• Assignment
Filter out every line below that lacks "swap", and copy the rest.

• Data provided
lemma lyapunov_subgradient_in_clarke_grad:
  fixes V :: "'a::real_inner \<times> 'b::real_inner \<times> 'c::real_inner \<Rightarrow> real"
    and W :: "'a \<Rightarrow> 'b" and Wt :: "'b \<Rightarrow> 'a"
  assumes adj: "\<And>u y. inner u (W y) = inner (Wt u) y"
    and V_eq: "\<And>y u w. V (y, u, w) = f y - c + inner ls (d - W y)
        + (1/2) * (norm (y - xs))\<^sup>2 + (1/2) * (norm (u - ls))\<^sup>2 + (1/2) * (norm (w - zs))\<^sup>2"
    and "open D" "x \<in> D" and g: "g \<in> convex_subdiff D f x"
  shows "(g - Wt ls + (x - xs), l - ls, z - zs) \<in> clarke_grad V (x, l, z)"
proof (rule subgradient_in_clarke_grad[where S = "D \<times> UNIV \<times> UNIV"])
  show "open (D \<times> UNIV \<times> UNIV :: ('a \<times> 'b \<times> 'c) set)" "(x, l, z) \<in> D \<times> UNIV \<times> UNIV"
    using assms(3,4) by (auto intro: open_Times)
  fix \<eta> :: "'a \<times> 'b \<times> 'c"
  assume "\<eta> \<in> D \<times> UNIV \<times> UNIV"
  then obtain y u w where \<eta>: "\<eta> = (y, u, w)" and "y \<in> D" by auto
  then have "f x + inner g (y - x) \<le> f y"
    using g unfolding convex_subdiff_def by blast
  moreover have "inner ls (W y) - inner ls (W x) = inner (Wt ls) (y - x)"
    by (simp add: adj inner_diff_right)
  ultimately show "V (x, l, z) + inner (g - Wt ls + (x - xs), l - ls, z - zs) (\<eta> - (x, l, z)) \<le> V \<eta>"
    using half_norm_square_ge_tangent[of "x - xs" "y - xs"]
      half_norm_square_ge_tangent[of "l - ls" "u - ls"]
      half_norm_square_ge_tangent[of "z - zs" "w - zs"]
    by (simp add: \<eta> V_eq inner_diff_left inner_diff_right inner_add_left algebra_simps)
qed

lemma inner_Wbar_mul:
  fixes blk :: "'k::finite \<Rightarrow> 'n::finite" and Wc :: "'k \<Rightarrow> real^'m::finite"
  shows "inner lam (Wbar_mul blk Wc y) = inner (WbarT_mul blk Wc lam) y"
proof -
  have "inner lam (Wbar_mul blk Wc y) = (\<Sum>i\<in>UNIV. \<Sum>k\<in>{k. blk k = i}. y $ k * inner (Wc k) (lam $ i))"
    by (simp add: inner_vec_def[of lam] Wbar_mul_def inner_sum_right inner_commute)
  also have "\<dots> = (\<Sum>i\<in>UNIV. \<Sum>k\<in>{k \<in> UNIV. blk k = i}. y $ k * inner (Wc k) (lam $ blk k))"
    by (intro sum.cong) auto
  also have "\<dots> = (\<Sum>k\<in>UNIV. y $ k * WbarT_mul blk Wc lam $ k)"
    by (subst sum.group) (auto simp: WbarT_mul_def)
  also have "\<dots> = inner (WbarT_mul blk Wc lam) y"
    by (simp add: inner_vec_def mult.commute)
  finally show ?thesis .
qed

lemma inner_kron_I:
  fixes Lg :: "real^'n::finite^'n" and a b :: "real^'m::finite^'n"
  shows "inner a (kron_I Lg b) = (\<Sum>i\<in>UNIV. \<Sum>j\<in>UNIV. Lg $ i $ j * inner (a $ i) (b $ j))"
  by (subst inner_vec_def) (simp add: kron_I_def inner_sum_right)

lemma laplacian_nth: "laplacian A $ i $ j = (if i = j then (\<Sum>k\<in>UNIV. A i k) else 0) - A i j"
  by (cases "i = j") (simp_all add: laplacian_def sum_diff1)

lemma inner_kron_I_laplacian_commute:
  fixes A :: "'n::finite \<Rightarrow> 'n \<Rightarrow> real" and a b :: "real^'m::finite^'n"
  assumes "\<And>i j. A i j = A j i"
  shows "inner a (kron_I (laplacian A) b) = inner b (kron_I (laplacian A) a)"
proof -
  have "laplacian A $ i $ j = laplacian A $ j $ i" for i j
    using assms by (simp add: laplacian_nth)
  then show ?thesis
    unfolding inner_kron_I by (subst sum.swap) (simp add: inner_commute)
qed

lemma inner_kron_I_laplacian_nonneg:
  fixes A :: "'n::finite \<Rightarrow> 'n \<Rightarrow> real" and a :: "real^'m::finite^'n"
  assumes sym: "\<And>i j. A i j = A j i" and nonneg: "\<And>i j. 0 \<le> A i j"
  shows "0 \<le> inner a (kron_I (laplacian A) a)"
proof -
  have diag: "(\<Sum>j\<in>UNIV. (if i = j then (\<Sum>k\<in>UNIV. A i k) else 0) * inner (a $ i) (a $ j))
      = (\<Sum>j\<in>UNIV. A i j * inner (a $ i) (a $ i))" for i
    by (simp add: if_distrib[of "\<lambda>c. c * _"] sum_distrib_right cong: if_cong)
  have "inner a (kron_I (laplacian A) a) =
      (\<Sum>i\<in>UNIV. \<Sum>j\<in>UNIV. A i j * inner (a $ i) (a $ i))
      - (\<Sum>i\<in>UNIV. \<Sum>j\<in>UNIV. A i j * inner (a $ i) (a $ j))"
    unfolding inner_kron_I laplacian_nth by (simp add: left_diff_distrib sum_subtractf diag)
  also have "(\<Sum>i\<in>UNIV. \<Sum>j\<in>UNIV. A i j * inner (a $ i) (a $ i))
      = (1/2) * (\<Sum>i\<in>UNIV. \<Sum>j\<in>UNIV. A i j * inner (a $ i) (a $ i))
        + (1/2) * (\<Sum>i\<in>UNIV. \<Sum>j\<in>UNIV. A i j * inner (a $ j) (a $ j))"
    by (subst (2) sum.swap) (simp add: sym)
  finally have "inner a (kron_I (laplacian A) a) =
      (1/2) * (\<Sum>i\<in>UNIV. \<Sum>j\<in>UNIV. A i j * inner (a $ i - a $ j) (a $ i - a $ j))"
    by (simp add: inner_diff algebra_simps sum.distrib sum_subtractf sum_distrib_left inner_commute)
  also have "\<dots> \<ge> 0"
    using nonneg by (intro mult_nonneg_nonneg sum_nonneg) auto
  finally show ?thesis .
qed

• Answer space
    unfolding inner_kron_I by (subst sum.swap) (simp add: inner_commute)
    by (subst (2) sum.swap) (simp add: sym)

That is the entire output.